(Records drawn from a dataset)
*** Begin section ***

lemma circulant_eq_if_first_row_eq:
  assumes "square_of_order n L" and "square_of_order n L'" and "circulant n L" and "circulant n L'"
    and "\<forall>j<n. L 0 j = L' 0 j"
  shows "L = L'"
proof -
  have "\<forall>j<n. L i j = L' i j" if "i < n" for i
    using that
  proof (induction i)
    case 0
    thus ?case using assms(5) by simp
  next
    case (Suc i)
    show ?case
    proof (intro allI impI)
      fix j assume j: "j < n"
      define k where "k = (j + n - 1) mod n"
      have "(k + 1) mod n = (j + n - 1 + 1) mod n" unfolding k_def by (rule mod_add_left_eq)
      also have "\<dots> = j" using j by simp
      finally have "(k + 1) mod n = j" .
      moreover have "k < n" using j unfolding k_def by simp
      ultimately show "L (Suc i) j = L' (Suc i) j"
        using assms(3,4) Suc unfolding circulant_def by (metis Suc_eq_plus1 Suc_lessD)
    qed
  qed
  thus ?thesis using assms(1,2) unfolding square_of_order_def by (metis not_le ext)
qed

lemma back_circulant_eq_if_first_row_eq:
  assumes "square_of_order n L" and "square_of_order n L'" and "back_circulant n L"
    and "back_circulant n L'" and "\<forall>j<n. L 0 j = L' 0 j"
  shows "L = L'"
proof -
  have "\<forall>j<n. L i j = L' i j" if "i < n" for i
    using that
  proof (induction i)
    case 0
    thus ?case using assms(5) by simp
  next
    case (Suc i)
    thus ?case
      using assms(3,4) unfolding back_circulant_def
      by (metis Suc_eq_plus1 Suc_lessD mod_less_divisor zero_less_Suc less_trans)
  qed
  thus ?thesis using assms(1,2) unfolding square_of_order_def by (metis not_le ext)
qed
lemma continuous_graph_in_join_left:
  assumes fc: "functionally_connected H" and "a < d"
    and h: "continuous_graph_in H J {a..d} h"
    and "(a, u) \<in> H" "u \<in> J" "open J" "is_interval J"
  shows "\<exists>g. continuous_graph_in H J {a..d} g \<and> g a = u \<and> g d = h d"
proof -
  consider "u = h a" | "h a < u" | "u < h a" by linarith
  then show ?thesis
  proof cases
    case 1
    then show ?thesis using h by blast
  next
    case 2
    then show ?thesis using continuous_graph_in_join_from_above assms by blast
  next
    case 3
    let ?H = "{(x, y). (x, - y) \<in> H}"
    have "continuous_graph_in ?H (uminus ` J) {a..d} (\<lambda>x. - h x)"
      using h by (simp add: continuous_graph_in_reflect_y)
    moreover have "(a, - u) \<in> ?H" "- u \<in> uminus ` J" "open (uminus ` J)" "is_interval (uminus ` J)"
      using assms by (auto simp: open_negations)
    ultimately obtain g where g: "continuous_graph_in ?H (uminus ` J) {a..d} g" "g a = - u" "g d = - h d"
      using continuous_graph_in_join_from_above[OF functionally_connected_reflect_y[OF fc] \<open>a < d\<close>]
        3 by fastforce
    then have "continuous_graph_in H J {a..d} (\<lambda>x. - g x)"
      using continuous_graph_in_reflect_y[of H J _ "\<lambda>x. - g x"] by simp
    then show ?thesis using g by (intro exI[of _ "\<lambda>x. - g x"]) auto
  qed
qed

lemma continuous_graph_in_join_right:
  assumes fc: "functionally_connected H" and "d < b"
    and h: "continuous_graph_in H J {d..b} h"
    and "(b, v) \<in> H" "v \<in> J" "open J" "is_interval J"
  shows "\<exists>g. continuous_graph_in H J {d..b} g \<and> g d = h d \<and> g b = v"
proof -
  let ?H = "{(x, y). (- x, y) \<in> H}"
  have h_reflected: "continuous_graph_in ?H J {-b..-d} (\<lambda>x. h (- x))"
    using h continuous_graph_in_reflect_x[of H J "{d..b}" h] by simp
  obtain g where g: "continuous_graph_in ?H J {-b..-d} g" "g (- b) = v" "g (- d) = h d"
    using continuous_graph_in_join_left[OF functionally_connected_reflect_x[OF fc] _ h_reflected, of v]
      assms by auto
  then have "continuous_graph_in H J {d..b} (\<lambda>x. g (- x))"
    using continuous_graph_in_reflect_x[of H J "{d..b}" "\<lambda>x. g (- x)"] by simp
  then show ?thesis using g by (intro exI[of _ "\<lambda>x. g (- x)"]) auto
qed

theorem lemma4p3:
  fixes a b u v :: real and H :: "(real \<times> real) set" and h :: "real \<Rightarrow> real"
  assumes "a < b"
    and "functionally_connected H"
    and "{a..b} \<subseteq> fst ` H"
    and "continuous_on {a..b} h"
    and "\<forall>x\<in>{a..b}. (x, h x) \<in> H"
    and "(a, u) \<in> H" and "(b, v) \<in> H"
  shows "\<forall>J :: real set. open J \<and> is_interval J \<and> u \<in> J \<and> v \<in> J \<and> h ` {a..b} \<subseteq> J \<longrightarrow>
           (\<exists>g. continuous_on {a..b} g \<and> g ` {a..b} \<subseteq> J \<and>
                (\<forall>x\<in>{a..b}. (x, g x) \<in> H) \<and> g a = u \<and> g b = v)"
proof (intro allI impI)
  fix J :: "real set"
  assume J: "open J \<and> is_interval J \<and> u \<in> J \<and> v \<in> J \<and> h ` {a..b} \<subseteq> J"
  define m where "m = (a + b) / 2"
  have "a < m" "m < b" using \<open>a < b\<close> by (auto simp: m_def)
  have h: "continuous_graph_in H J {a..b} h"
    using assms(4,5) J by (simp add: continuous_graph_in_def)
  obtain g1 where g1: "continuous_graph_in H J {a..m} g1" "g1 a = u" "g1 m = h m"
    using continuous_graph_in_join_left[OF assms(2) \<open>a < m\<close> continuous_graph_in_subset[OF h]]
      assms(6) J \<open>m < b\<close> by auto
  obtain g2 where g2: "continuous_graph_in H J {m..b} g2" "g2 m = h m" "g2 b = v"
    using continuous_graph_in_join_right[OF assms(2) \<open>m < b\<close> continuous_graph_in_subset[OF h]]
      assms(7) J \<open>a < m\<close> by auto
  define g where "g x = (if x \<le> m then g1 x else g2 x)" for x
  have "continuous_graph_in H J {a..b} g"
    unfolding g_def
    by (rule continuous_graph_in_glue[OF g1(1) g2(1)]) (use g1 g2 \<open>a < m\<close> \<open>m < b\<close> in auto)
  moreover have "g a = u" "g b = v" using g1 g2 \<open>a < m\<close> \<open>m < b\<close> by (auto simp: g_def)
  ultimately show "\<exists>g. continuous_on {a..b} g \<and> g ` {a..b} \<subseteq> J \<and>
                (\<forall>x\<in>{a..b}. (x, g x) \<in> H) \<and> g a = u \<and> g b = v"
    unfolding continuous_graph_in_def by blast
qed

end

*** End section ***

Write the records out once more. Change nothing.

__Result of the task__.
lemma circulant_eq_if_first_row_eq:
  assumes "square_of_order n L" and "square_of_order n L'" and "circulant n L" and "circulant n L'"
    and "\<forall>j<n. L 0 j = L' 0 j"
  shows "L = L'"
proof -
  have "\<forall>j<n. L i j = L' i j" if "i < n" for i
    using that
  proof (induction i)
    case 0
    thus ?case using assms(5) by simp
  next
    case (Suc i)
    show ?case
    proof (intro allI impI)
      fix j assume j: "j < n"
      define k where "k = (j + n - 1) mod n"
      have "(k + 1) mod n = (j + n - 1 + 1) mod n" unfolding k_def by (rule mod_add_left_eq)
      also have "\<dots> = j" using j by simp
      finally have "(k + 1) mod n = j" .
      moreover have "k < n" using j unfolding k_def by simp
      ultimately show "L (Suc i) j = L' (Suc i) j"
        using assms(3,4) Suc unfolding circulant_def by (metis Suc_eq_plus1 Suc_lessD)
    qed
  qed
  thus ?thesis using assms(1,2) unfolding square_of_order_def by (metis not_le ext)
qed

lemma back_circulant_eq_if_first_row_eq:
  assumes "square_of_order n L" and "square_of_order n L'" and "back_circulant n L"
    and "back_circulant n L'" and "\<forall>j<n. L 0 j = L' 0 j"
  shows "L = L'"
proof -
  have "\<forall>j<n. L i j = L' i j" if "i < n" for i
    using that
  proof (induction i)
    case 0
    thus ?case using assms(5) by simp
  next
    case (Suc i)
    thus ?case
      using assms(3,4) unfolding back_circulant_def
      by (metis Suc_eq_plus1 Suc_lessD mod_less_divisor zero_less_Suc less_trans)
  qed
  thus ?thesis using assms(1,2) unfolding square_of_order_def by (metis not_le ext)
qed
lemma continuous_graph_in_join_left:
  assumes fc: "functionally_connected H" and "a < d"
    and h: "continuous_graph_in H J {a..d} h"
    and "(a, u) \<in> H" "u \<in> J" "open J" "is_interval J"
  shows "\<exists>g. continuous_graph_in H J {a..d} g \<and> g a = u \<and> g d = h d"
proof -
  consider "u = h a" | "h a < u" | "u < h a" by linarith
  then show ?thesis
  proof cases
    case 1
    then show ?thesis using h by blast
  next
    case 2
    then show ?thesis using continuous_graph_in_join_from_above assms by blast
  next
    case 3
    let ?H = "{(x, y). (x, - y) \<in> H}"
    have "continuous_graph_in ?H (uminus ` J) {a..d} (\<lambda>x. - h x)"
      using h by (simp add: continuous_graph_in_reflect_y)
    moreover have "(a, - u) \<in> ?H" "- u \<in> uminus ` J" "open (uminus ` J)" "is_interval (uminus ` J)"
      using assms by (auto simp: open_negations)
    ultimately obtain g where g: "continuous_graph_in ?H (uminus ` J) {a..d} g" "g a = - u" "g d = - h d"
      using continuous_graph_in_join_from_above[OF functionally_connected_reflect_y[OF fc] \<open>a < d\<close>]
        3 by fastforce
    then have "continuous_graph_in H J {a..d} (\<lambda>x. - g x)"
      using continuous_graph_in_reflect_y[of H J _ "\<lambda>x. - g x"] by simp
    then show ?thesis using g by (intro exI[of _ "\<lambda>x. - g x"]) auto
  qed
qed

lemma continuous_graph_in_join_right:
  assumes fc: "functionally_connected H" and "d < b"
    and h: "continuous_graph_in H J {d..b} h"
    and "(b, v) \<in> H" "v \<in> J" "open J" "is_interval J"
  shows "\<exists>g. continuous_graph_in H J {d..b} g \<and> g d = h d \<and> g b = v"
proof -
  let ?H = "{(x, y). (- x, y) \<in> H}"
  have h_reflected: "continuous_graph_in ?H J {-b..-d} (\<lambda>x. h (- x))"
    using h continuous_graph_in_reflect_x[of H J "{d..b}" h] by simp
  obtain g where g: "continuous_graph_in ?H J {-b..-d} g" "g (- b) = v" "g (- d) = h d"
    using continuous_graph_in_join_left[OF functionally_connected_reflect_x[OF fc] _ h_reflected, of v]
      assms by auto
  then have "continuous_graph_in H J {d..b} (\<lambda>x. g (- x))"
    using continuous_graph_in_reflect_x[of H J "{d..b}" "\<lambda>x. g (- x)"] by simp
  then show ?thesis using g by (intro exI[of _ "\<lambda>x. g (- x)"]) auto
qed

theorem lemma4p3:
  fixes a b u v :: real and H :: "(real \<times> real) set" and h :: "real \<Rightarrow> real"
  assumes "a < b"
    and "functionally_connected H"
    and "{a..b} \<subseteq> fst ` H"
    and "continuous_on {a..b} h"
    and "\<forall>x\<in>{a..b}. (x, h x) \<in> H"
    and "(a, u) \<in> H" and "(b, v) \<in> H"
  shows "\<forall>J :: real set. open J \<and> is_interval J \<and> u \<in> J \<and> v \<in> J \<and> h ` {a..b} \<subseteq> J \<longrightarrow>
           (\<exists>g. continuous_on {a..b} g \<and> g ` {a..b} \<subseteq> J \<and>
                (\<forall>x\<in>{a..b}. (x, g x) \<in> H) \<and> g a = u \<and> g b = v)"
proof (intro allI impI)
  fix J :: "real set"
  assume J: "open J \<and> is_interval J \<and> u \<in> J \<and> v \<in> J \<and> h ` {a..b} \<subseteq> J"
  define m where "m = (a + b) / 2"
  have "a < m" "m < b" using \<open>a < b\<close> by (auto simp: m_def)
  have h: "continuous_graph_in H J {a..b} h"
    using assms(4,5) J by (simp add: continuous_graph_in_def)
  obtain g1 where g1: "continuous_graph_in H J {a..m} g1" "g1 a = u" "g1 m = h m"
    using continuous_graph_in_join_left[OF assms(2) \<open>a < m\<close> continuous_graph_in_subset[OF h]]
      assms(6) J \<open>m < b\<close> by auto
  obtain g2 where g2: "continuous_graph_in H J {m..b} g2" "g2 m = h m" "g2 b = v"
    using continuous_graph_in_join_right[OF assms(2) \<open>m < b\<close> continuous_graph_in_subset[OF h]]
      assms(7) J \<open>a < m\<close> by auto
  define g where "g x = (if x \<le> m then g1 x else g2 x)" for x
  have "continuous_graph_in H J {a..b} g"
    unfolding g_def
    by (rule continuous_graph_in_glue[OF g1(1) g2(1)]) (use g1 g2 \<open>a < m\<close> \<open>m < b\<close> in auto)
  moreover have "g a = u" "g b = v" using g1 g2 \<open>a < m\<close> \<open>m < b\<close> by (auto simp: g_def)
  ultimately show "\<exists>g. continuous_on {a..b} g \<and> g ` {a..b} \<subseteq> J \<and>
                (\<forall>x\<in>{a..b}. (x, g x) \<in> H) \<and> g a = u \<and> g b = v"
    unfolding continuous_graph_in_def by blast
qed

end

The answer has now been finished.